The unredacted contract revealed that taxpayers were paying VGH around €188,000 a day (€70 million a year) to provide hospital beds to the state, €1.2 million a year for the Barts medical school, and a further €1 million for helicopter service.

However, just 21 months into operations, VGH was forced to sell its concession to Steward Healthcare, leaving €36 million in debt.

It took months to get the inquiry off the ground, with the ministers challenging the inquiry’s validity. It was initially approved by Magistrate Claire Stafrace Zammit but was shot down on appeal by Judge Giovanni Grixti. However, Magistrate Doreen Clarke would dismiss his arguments and order a criminal inquiry.

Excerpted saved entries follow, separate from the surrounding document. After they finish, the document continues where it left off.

lemma det_tridiag_ones_mod_3:
  "det (tridiag_ones (3 * q) :: 'a :: comm_ring_1 mat) = (-1) ^ q \<and>
   det (tridiag_ones (3 * q + 1) :: 'a mat) = (-1) ^ q \<and>
   det (tridiag_ones (3 * q + 2) :: 'a mat) = 0"
proof (induction q)
  case 0
  have "det (tridiag_ones 0 :: 'a mat) = 1" "det (tridiag_ones 1 :: 'a mat) = 1"
    by (simp_all add: det_dim_zero det_single tridiag_ones_def)
  then show ?case
    using det_tridiag_ones_Suc_Suc[of 0, where 'a = 'a] by (simp add: numeral_2_eq_2)
next
  case (Suc q)
  have "3 * Suc q = Suc (Suc (3 * q + 1))" "3 * q + 2 = Suc (3 * q + 1)"
    "3 * Suc q + 1 = Suc (Suc (3 * q + 2))" "3 * Suc q = Suc (3 * q + 2)"
    "3 * Suc q + 2 = Suc (Suc (3 * Suc q))" "3 * Suc q + 1 = Suc (3 * Suc q)"
    by simp_all
  then have "det (tridiag_ones (3 * Suc q) :: 'a mat)
        = det (tridiag_ones (3 * q + 2) :: 'a mat) - det (tridiag_ones (3 * q + 1) :: 'a mat)"
      "det (tridiag_ones (3 * Suc q + 1) :: 'a mat)
        = det (tridiag_ones (3 * Suc q) :: 'a mat) - det (tridiag_ones (3 * q + 2) :: 'a mat)"
      "det (tridiag_ones (3 * Suc q + 2) :: 'a mat)
        = det (tridiag_ones (3 * Suc q + 1) :: 'a mat) - det (tridiag_ones (3 * Suc q) :: 'a mat)"
    by (metis det_tridiag_ones_Suc_Suc)+
  then show ?case
    using Suc by simp
qed

theorem theorem54:
  fixes n k :: nat
  assumes "n > 0" and "k > 0" and "k mod 3 = 1"
  shows "det (mat k k (\<lambda>(i, j). of_nat (motzkin_bounded k (n + i + j)) :: rat))
         = (-1) ^ (n * ((k + 1) div 3)) * ((2 * of_nat k + 4) / 3) ^ (n - 1)"
proof -
  obtain q where k: "k = 3 * q + 1"
    using assms(3) by (metis div_mod_decomp mult.commute)
  obtain m where n: "n = Suc m"
    using assms(1) by (cases n) auto
  have det_T: "det (tridiag_ones k :: rat mat) = (-1) ^ q"
    using det_tridiag_ones_mod_3[of q, where 'a = rat] k by simp
  have squares: "(\<Sum>i<k. kernel_pattern i ^ 2) = 2 * of_nat q + (1 :: rat)"
    unfolding k by (rule sum_kernel_pattern_squares)
  have "det (mat k k (\<lambda>(i, j). of_nat (motzkin_bounded k (n + i + j)) :: rat))
      = det (tridiag_ones k :: rat mat) * det (leading_block_step k :: rat mat) ^ m"
    unfolding det_motzkin_hankel n by (rule det_leading_block[OF assms(3)])
  also have "\<dots> = (-1) ^ q * ((2 * of_nat q + 2) * (-1) ^ q) ^ m"
    by (simp add: det_leading_block_step det_T squares add.commute)
  also have "\<dots> = (-1) ^ (n * q) * (2 * of_nat q + 2) ^ m"
    by (simp add: n power_mult_distrib power_add power_mult[symmetric] mult.commute)
  finally have "det (mat k k (\<lambda>(i, j). of_nat (motzkin_bounded k (n + i + j)) :: rat))
      = (-1) ^ (n * q) * (2 * of_nat q + 2) ^ m" .
  moreover have "(k + 1) div 3 = q" and "(2 * of_nat k + 4) / 3 = (2 * of_nat q + 2 :: rat)"
    using k by simp_all
  ultimately show ?thesis
    using n by (simp only: diff_Suc_1)
qed

end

The three men have been accused of facilitating a “coordinated” “act of modern-day piracy”, “corruption and money laundering, among other crimes”.

Cardona and Mizzi resigned in the wake of the recent political crisis, while Scicluna remains in his role. The deal has been a key focus in the public inquiry over the Caruana Galizia murder, with each witness eager to pass on the blame to other parties.

6. Cabinet ministers alleged misuse of public funds on Facebook

First exposed by Lovin Malta, Malta’s cabinet members were revealed to be using public funds and resources to boost their own Facebook pages instead of setting up official ministry pages.

Incomplete figures made public some years ago showed that at least €1.2 million were spent by ministries on social media over a 55-month period despite most ministries not having official Facebook pages.

Standards Commissioner George Hyzler found “widespread misuse of public resources” by ministers and parliamentary secretaries, sending his report to the National Audit Office for review. 

A magisterial inquiry led by Magistrate Doreen Clarke was opened, with Inspector Rennie Stivala from the Economic Crimes Unit leading the investigation.

According to Malta’s Criminal Code, any public officer or servant who for his own private gain “misapplies or purloins any money entrusted to him by virtue of his office” shall on conviction be liable to imprisonment of between two or six years and to a perpetual general interdiction.

A perpetual general interdiction means that one loses the right to hold public office or employment, and would also mean losing the right to vote.

Prime Minister Robert Abela has declared the case declared this case “closed” because ministers were now rectifying their position according to draft guidelines prepared by Hyzler and approved by the government.

However, with millions siphoned away from public funds, it seems the case is far from over.

7. Adrian Delia potentially accepting bribes from Yorgen Fenech

State witness Melvin Theuma has told the court that Fenech had told him he had offered the PN a sum of money to put spokes in Casa’s re-election campaign because the MEP was hounding him over his ownership of the Dubai company 17 Black.

Ever since his arrest, Yorgen Fenech’s relationship with top echelons in government have been exposed. The Opposition has not been immune to the criticism, with PN Leader Adrian links to the Caruana Galizia murder suspect being laid bare.

State witness Melvin Theuma revealed in court that Fenech claimed he offered the PN a sum of money to put spokes in Casa’s re-election campaign because the MEP was hounding him over his ownership of the Dubai company 17 Black.

Hours later, Labour TV host Karl Stagno Navarra alleged that Fenech had offered the sum of money to Delia personally during a meeting at Fenech’s Ħaż-Żebbuġ ranch. He claimed Fenech paid Delia €50,000 and offered him a further €200,000 if Casa wasn’t elected.

Former Prime Minister’s Chief of Staff Keith Schembri has said under oath with “100% certainty that Delia accepted a €50,000 payment, while former PN Head of Media Pierre Portelli would meet with Fenech once a month to collect €20,000.

The claim is not new, with MP David Thake first raised the issue during a Xarabank show back in June 2019, a month after the European Parliament election.

Magistrate Doreen Clarke has since opened up an inquiry into allegations following a request from police.

Leaked WhatsApp messages between Delia and Fenech have been confirmed as the “exact text” by the lead investigators. However, none of the messages so far relate to the inquiry itself.